- Opening Delimiter -
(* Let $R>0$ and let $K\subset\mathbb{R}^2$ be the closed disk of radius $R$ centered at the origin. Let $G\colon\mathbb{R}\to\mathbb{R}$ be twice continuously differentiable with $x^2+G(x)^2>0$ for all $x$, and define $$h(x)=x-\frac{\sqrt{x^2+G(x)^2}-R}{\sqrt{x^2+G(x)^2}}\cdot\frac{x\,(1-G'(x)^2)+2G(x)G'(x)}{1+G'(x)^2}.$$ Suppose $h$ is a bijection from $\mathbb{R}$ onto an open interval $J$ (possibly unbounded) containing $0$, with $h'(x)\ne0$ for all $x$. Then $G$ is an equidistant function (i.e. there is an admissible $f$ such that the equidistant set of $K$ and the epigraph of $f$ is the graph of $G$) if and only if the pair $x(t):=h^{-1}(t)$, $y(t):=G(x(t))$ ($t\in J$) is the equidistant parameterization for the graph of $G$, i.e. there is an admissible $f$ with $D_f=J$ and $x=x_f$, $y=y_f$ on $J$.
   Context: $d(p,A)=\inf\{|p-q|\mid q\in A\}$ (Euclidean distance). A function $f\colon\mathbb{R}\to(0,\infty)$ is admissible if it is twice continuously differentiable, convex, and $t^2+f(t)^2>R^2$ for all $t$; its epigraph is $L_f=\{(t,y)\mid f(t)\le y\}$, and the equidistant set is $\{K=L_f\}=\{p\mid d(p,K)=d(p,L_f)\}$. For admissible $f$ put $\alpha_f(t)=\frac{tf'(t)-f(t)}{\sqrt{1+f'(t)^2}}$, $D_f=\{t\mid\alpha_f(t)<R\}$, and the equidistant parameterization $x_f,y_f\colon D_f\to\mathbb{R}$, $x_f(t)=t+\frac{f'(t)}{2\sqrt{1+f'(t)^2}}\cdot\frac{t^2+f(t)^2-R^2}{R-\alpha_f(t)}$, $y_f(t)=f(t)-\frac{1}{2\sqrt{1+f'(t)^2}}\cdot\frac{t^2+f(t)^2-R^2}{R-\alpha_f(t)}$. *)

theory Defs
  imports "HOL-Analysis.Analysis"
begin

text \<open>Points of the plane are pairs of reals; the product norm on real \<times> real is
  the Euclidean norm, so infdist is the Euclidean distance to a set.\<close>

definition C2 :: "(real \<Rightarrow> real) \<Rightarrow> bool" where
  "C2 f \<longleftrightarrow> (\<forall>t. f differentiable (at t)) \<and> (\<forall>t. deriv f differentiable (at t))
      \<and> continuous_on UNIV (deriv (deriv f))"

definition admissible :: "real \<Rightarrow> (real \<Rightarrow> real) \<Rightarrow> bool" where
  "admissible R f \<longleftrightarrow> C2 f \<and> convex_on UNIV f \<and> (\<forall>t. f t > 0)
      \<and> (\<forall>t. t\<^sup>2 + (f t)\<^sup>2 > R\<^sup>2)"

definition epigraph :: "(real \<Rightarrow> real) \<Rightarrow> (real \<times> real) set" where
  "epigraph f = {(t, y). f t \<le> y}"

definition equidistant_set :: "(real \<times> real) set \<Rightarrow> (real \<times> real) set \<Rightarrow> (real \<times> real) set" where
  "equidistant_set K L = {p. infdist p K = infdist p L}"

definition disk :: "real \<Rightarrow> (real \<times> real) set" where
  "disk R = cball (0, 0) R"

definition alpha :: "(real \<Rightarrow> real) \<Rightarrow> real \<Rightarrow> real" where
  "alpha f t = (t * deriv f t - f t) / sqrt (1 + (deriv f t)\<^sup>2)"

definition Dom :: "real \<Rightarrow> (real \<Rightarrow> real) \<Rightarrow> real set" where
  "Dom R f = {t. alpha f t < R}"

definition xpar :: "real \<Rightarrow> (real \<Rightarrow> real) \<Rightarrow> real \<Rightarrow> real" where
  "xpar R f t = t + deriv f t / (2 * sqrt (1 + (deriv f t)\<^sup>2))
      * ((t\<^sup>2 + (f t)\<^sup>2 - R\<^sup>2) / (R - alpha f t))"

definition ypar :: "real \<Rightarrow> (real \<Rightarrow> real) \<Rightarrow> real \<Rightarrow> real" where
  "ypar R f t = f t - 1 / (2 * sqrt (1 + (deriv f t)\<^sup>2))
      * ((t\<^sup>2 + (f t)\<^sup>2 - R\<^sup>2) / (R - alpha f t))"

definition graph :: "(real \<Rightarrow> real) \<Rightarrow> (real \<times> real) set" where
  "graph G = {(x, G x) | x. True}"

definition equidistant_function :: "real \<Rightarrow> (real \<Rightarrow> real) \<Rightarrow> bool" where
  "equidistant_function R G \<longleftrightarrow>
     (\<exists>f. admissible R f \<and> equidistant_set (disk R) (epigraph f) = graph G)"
- Closing Delimiter -
Retype every entry above, word for word.

(* Let $R>0$ and let $K\subset\mathbb{R}^2$ be the closed disk of radius $R$ centered at the origin. Let $G\colon\mathbb{R}\to\mathbb{R}$ be twice continuously differentiable with $x^2+G(x)^2>0$ for all $x$, and define $$h(x)=x-\frac{\sqrt{x^2+G(x)^2}-R}{\sqrt{x^2+G(x)^2}}\cdot\frac{x\,(1-G'(x)^2)+2G(x)G'(x)}{1+G'(x)^2}.$$ Suppose $h$ is a bijection from $\mathbb{R}$ onto an open interval $J$ (possibly unbounded) containing $0$, with $h'(x)\ne0$ for all $x$. Then $G$ is an equidistant function (i.e. there is an admissible $f$ such that the equidistant set of $K$ and the epigraph of $f$ is the graph of $G$) if and only if the pair $x(t):=h^{-1}(t)$, $y(t):=G(x(t))$ ($t\in J$) is the equidistant parameterization for the graph of $G$, i.e. there is an admissible $f$ with $D_f=J$ and $x=x_f$, $y=y_f$ on $J$.
   Context: $d(p,A)=\inf\{|p-q|\mid q\in A\}$ (Euclidean distance). A function $f\colon\mathbb{R}\to(0,\infty)$ is admissible if it is twice continuously differentiable, convex, and $t^2+f(t)^2>R^2$ for all $t$; its epigraph is $L_f=\{(t,y)\mid f(t)\le y\}$, and the equidistant set is $\{K=L_f\}=\{p\mid d(p,K)=d(p,L_f)\}$. For admissible $f$ put $\alpha_f(t)=\frac{tf'(t)-f(t)}{\sqrt{1+f'(t)^2}}$, $D_f=\{t\mid\alpha_f(t)<R\}$, and the equidistant parameterization $x_f,y_f\colon D_f\to\mathbb{R}$, $x_f(t)=t+\frac{f'(t)}{2\sqrt{1+f'(t)^2}}\cdot\frac{t^2+f(t)^2-R^2}{R-\alpha_f(t)}$, $y_f(t)=f(t)-\frac{1}{2\sqrt{1+f'(t)^2}}\cdot\frac{t^2+f(t)^2-R^2}{R-\alpha_f(t)}$. *)

theory Defs
  imports "HOL-Analysis.Analysis"
begin

text \<open>Points of the plane are pairs of reals; the product norm on real \<times> real is
  the Euclidean norm, so infdist is the Euclidean distance to a set.\<close>

definition C2 :: "(real \<Rightarrow> real) \<Rightarrow> bool" where
  "C2 f \<longleftrightarrow> (\<forall>t. f differentiable (at t)) \<and> (\<forall>t. deriv f differentiable (at t))
      \<and> continuous_on UNIV (deriv (deriv f))"

definition admissible :: "real \<Rightarrow> (real \<Rightarrow> real) \<Rightarrow> bool" where
  "admissible R f \<longleftrightarrow> C2 f \<and> convex_on UNIV f \<and> (\<forall>t. f t > 0)
      \<and> (\<forall>t. t\<^sup>2 + (f t)\<^sup>2 > R\<^sup>2)"

definition epigraph :: "(real \<Rightarrow> real) \<Rightarrow> (real \<times> real) set" where
  "epigraph f = {(t, y). f t \<le> y}"

definition equidistant_set :: "(real \<times> real) set \<Rightarrow> (real \<times> real) set \<Rightarrow> (real \<times> real) set" where
  "equidistant_set K L = {p. infdist p K = infdist p L}"

definition disk :: "real \<Rightarrow> (real \<times> real) set" where
  "disk R = cball (0, 0) R"

definition alpha :: "(real \<Rightarrow> real) \<Rightarrow> real \<Rightarrow> real" where
  "alpha f t = (t * deriv f t - f t) / sqrt (1 + (deriv f t)\<^sup>2)"

definition Dom :: "real \<Rightarrow> (real \<Rightarrow> real) \<Rightarrow> real set" where
  "Dom R f = {t. alpha f t < R}"

definition xpar :: "real \<Rightarrow> (real \<Rightarrow> real) \<Rightarrow> real \<Rightarrow> real" where
  "xpar R f t = t + deriv f t / (2 * sqrt (1 + (deriv f t)\<^sup>2))
      * ((t\<^sup>2 + (f t)\<^sup>2 - R\<^sup>2) / (R - alpha f t))"

definition ypar :: "real \<Rightarrow> (real \<Rightarrow> real) \<Rightarrow> real \<Rightarrow> real" where
  "ypar R f t = f t - 1 / (2 * sqrt (1 + (deriv f t)\<^sup>2))
      * ((t\<^sup>2 + (f t)\<^sup>2 - R\<^sup>2) / (R - alpha f t))"

definition graph :: "(real \<Rightarrow> real) \<Rightarrow> (real \<times> real) set" where
  "graph G = {(x, G x) | x. True}"

definition equidistant_function :: "real \<Rightarrow> (real \<Rightarrow> real) \<Rightarrow> bool" where
  "equidistant_function R G \<longleftrightarrow>
     (\<exists>f. admissible R f \<and> equidistant_set (disk R) (epigraph f) = graph G)"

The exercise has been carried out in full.